lemma G_completion_inj:
  assumes "bounded_metric_operator G" and "is_G_completion G J"
  shows "inj J"
proof (rule injI, rule ccontr)
  fix x y assume "J x = J y" "x \<noteq> y"
  moreover have "clinear J" using assms(2) by (simp add: is_G_completion_def)
  ultimately have "J (x - y) = 0" by (simp add: clinear_diff)
  then have "Re (cinner (G (x - y)) (x - y)) = 0"
    using G_completion_norm_sq[OF assms(2)] by (metis norm_zero zero_power2)
  moreover have "0 < Re (cinner (G (x - y)) (x - y))"
    using assms(1) \<open>x \<noteq> y\<close> unfolding bounded_metric_operator_def by (meson right_minus_eq)
  ultimately show False by simp
qed

lemma G_completion_cauchy_schwarz:
  assumes "is_G_completion G J"
  shows "cmod (cinner (G x) y) \<le> norm (J x) * norm (J y)"
  using assms cinner_CS[of "J x" "J y"] by (simp add: is_G_completion_def)

lemma metric_operator_bound:
  assumes "bounded_metric_operator G"
  obtains M where "M > 0" and "\<And>x. norm (G x) \<le> M * norm x"
proof -
  obtain M0 where "\<And>x. norm (G x) \<le> M0 * norm x"
    using assms by (auto simp: bounded_metric_operator_def)
  then have "norm (G x) \<le> max M0 1 * norm x" for x
    by (meson max.cobounded1 mult_right_mono norm_ge_zero order_trans)
  then show thesis using that[of "max M0 1"] by simp
qed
══════
> [Task to carry out]:
Make a tally of the lines in this material that hold the string "meson", then give that number without any other words.

> [Task response]:
2